RMI secure for three years but threat to funding remains 

Whistler relieved but ready to explore options beyond 2017

click to enlarge PHOTO BY CLARE OGILVIE - RMI Infusion Mayor Nancy Wilhelm-Morden and MLA Jordan Sturdy were on hand to officially open the village ice rink in December, which was paid for by RMI funds.
  • Photo by Clare Ogilvie
  • RMI Infusion Mayor Nancy Wilhelm-Morden and MLA Jordan Sturdy were on hand to officially open the village ice rink in December, which was paid for by RMI funds.

Whistler may have another $21 million heading its way over the next three years to fund tourism projects, but there's a chance the provincial well may be dry after 2017.

The province has confirmed the threatened Resort Municipality Initiative, or RMI, funding for another three years, a one-year extension of the current agreement, adding an annual funding cap of $10.5 million to be divvied between the 14 B.C. resorts.

Beyond 2017, however, it's anyone's guess.

All options are back on the table again to look at ways of capturing funding for tourism without relying on the backs of the local taxpayers, or the grace of the provincial government.

"The... thing that we've been talking about both in government as well as with the municipality is that we really have to look at how this program carries on into the future and look for other mechanisms... to look at how we can create additional certainties so that we can have Whistler be the masters of their own destiny," said MLA Jordan Sturdy during a break in session in Victoria on Monday, Feb. 23.

The RMI program is an annual $10.5 million program in which hotel funds are collected in 14 B.C. resorts and then doled back into the communities for tourism-related projects based on a formula.

Every year Whistler receives around $7.1 million.

"That is a huge sigh of relief," said Mayor Nancy Wilhelm-Morden of the news that the funding is still in effect for another three years, until the end of 2017.

She knows just how critical the program is in Whistler — funding the $3.1 million festivals and events program, funding the village ice rink, funding the village host program, among a long list of projects.

"To extend it by a year is great news for us," she added. "We weren't expecting that."

It was also welcome news to event producers like Watermark Communications who see the direct benefits. This year, for example, Watermark received $40,000 for Cornucopia and $113,000 for the World Ski and Snowboard Festival (WSSF).

"It plays a big role in everything we do at this point," said Sue Eckersley, of Watermark Communications, who said she had been anticipating that this would be the last year of RMI funding.

"The funding that has come our way for Cornucopia and WSSF is huge."

Still, there is recognition that time may be running out on the RMI and Whistler needs to explore its options. It has the most to lose, after all.

"We need to have a blank sheet almost, and say 'if we want to fund this type of activity and make these type of investments over the longer term, what's the best way for us to do that?" said Sturdy.

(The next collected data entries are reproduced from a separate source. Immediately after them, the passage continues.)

(* Let $T$ be a linear operator in $H$. If there exist $z\in W_e(T)$ and $w\in\mathbb C\setminus\{0\}$ with $z+w(0,\infty)\subset W(T)$, then $z+w[0,\infty)\subset W_e(T)$.
   Context: $H$ is a separable infinite-dimensional complex Hilbert space; operators need not be closed, closable or densely defined. $W(T)=\{\langle Tx,x\rangle:x\in\operatorname{dom}(T),\|x\|=1\}$, $W_e(T)=\{\lambda:\exists x_n\in\operatorname{dom}(T),\|x_n\|=1,x_n\stackrel{w}{\to}0,\langle Tx_n,x_n\rangle\to\lambda\}$. *)

theory Defs
  imports "HOL-Analysis.Analysis"
begin

text \<open>The separable infinite-dimensional complex Hilbert space H is modelled
concretely (up to unitary equivalence) as l2(N, C): square-summable complex sequences.\<close>

definition l2 :: "(nat \<Rightarrow> complex) set" where
  "l2 = {x. summable (\<lambda>n. (cmod (x n))\<^sup>2)}"

definition l2_inner :: "(nat \<Rightarrow> complex) \<Rightarrow> (nat \<Rightarrow> complex) \<Rightarrow> complex" where
  "l2_inner x y = (\<Sum>n. x n * cnj (y n))"

definition l2_norm :: "(nat \<Rightarrow> complex) \<Rightarrow> real" where
  "l2_norm x = sqrt (\<Sum>n. (cmod (x n))\<^sup>2)"

definition linear_operator ::
  "(nat \<Rightarrow> complex) set \<Rightarrow> ((nat \<Rightarrow> complex) \<Rightarrow> (nat \<Rightarrow> complex)) \<Rightarrow> bool" where
  "linear_operator D T \<longleftrightarrow>
     D \<subseteq> l2 \<and> (\<lambda>n. 0) \<in> D \<and>
     (\<forall>x\<in>D. \<forall>y\<in>D. (\<lambda>n. x n + y n) \<in> D) \<and>
     (\<forall>c::complex. \<forall>x\<in>D. (\<lambda>n. c * x n) \<in> D) \<and>
     (\<forall>x\<in>D. T x \<in> l2) \<and>
     (\<forall>x\<in>D. \<forall>y\<in>D. T (\<lambda>n. x n + y n) = (\<lambda>n. T x n + T y n)) \<and>
     (\<forall>c::complex. \<forall>x\<in>D. T (\<lambda>n. c * x n) = (\<lambda>n. c * T x n))"

definition weakly_to_zero :: "(nat \<Rightarrow> (nat \<Rightarrow> complex)) \<Rightarrow> bool" where
  "weakly_to_zero x \<longleftrightarrow> (\<forall>y\<in>l2. (\<lambda>k. l2_inner (x k) y) \<longlonglongrightarrow> 0)"

definition num_range ::
  "(nat \<Rightarrow> complex) set \<Rightarrow> ((nat \<Rightarrow> complex) \<Rightarrow> (nat \<Rightarrow> complex)) \<Rightarrow> complex set" where
  "num_range D T = {l2_inner (T x) x | x. x \<in> D \<and> l2_norm x = 1}"
lemma valuation_trop_hyp:
  assumes calg: "calg_hom \<phi>" and val: "valuation \<phi> v" and rel: "peval \<phi> f = 0"
  shows "v \<in> trop_hyp f"
proof (rule ccontr)
  assume off: "v \<notin> trop_hyp f"
  let ?K = "Poly_Mapping.keys f" and ?T = "trop_eval f v"
  have finite_T: "?T \<noteq> MInf"
    using off unfolding trop_hyp_def by blast
  then have "?K \<noteq> {}" and "?T = Max ((\<lambda>m. tpair m v) ` ?K)"
    unfolding trop_eval_def by (auto split: if_splits)
  then obtain m1 where m1: "m1 \<in> ?K" "tpair m1 v = ?T"
    by (metis (no_types, lifting) Max_in finite_imageI finite_keys image_iff image_is_empty)
  have others_less: "tpair m v < ?T" if "m \<in> ?K - {m1}" for m
    using that tpair_le_trop_eval[of m f v] off m1 unfolding trop_hyp_def by fastforce
  define t where "t m = \<phi> (Poly_Mapping.lookup f m) * mono_eval id m" for m
  have val_t: "v (t m) = tpair m v" if "m \<in> ?K" for m
    using that val valuation_mono_eval[OF calg val]
    by (simp add: valuation_mult valuation_const t_def tpair_eq_mono_eval in_keys_iff)
  have "t m1 + sum t (?K - {m1}) = 0"
    using rel m1(1) peval_superset[OF calg, of ?K f] by (simp add: t_def sum.remove)
  then have "v (t m1) = v (sum t (?K - {m1}))"
    using valuation_uminus[OF calg val] by (metis add_eq_0_iff)
  moreover have "v (sum t (?K - {m1})) < ?T"
    using val finite_T by (rule valuation_sum_less) (use others_less val_t in auto)
  ultimately show False
    using val_t[OF m1(1)] m1(2) by simp
qed

section \<open>Points of tr_Q(I_A) are valuations\<close>

text \<open>Step (2).  Throughout, q is a point on the hypersurface of every relation of A, and
  each valuation axiom is extracted from one explicit relation.\<close>
context
  fixes \<phi> :: "complex \<Rightarrow> 'a::comm_ring_1" and q :: "'a \<Rightarrow> 'q::linordered_ab_group_add trop"
  assumes calg: "calg_hom \<phi>"
    and on_relations: "\<And>f. peval \<phi> f = 0 \<Longrightarrow> q \<in> trop_hyp f"
begin

lemma binomial_relation:
  assumes "m1 \<noteq> m2" "c1 \<noteq> 0" "c2 \<noteq> 0"
    and "\<phi> c1 * mono_eval id m1 + \<phi> c2 * mono_eval id m2 = 0"
  shows "mono_eval q m1 = mono_eval q m2"
proof -
  let ?f = "Poly_Mapping.single m1 c1 + Poly_Mapping.single m2 c2"
  have "q \<in> trop_hyp ?f"
    using assms(4) by (intro on_relations) (simp add: peval_add[OF calg] peval_single[OF calg])
  moreover have "Poly_Mapping.keys ?f = {m1, m2}"
    using assms(1-3) by (simp add: keys_single_add)
  ultimately show ?thesis
    using trop_hyp_binomial assms(1) by (metis tpair_eq_mono_eval)
qed

text \<open>The relation [0] = 0.\<close>
lemma relations_zero: "q 0 = MInf"
proof (rule ccontr)
  assume "q 0 \<noteq> MInf"
  moreover have "q \<in> trop_hyp (Poly_Mapping.single (var 0) 1)"
    using calg by (intro on_relations) (simp add: peval_single)
  ultimately show False
    using trop_hyp_dominated[of q "Poly_Mapping.single (var 0) (1::complex)" "var 0"]
    by (simp add: tpair_eq_mono_eval)
qed

text \<open>The relation [\<phi> c] - c = 0.\<close>
lemma relations_const: "c \<noteq> 0 \<Longrightarrow> q (\<phi> c) = 1"
  using binomial_relation[of "var (\<phi> c)" 0 1 "- c"] calg
  by (simp add: calg_hom_uminus calg_hom_def)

"I think we have to recognize that Whistler has unique demands. Whether the RMI is the right mechanism or not, I think is the conversation that we want to have."

Conversations in Whistler have already begun.

"There are all kinds of tourism-related businesses going on," said the mayor.

"Maybe there should be a broader-based approach?"

Sturdy, too, added that hotel rooms are just one part of the tourism economy.

"For day-trippers, you're not capturing any revenues. Is there another way of approaching this?"

Sturdy, who lobbied the province on Whistler's behalf this past year, said he encouraged the year extension, not only because the program is seeing the return on its investment, but also to give Whistler time to come up with alternatives should the funding get pulled.

"It's all very well to think that we can come up with a new plan in no time at all, but I've been around long enough to know these things take time, consultation, discussion, back and forth," he said.

The program only came into effect after Whistler lobbied hard for several years to get "financial tools" — a recognition of the unique situation tourism-based economies face keeping their product fresh and inventive on the backs of a small tax base.

"We're pleased to be able to confirm that we will be continuing the Resort Municipality Initiative," said Tourism Minister Shirley Bond in an email to the Pique. "We expect to be able to provide individual resort communities with specific funding amounts very shortly.

"What I can tell you is that the $87.6 million invested since the RMI's inception in 2006 has helped 14 communities diversify and strengthen their tourism opportunities and regional economies. Over $60 million has been provided to Whistler alone."

And therein may lie some of the problem.

"The fact is that over the years the vast majority of the money has gone to Whistler," said Sturdy. "Understandably, other resorts around the province have very much wanted to get a hold of additional amounts. I mean, it's natural; everyone wants to have a bigger share of the pie."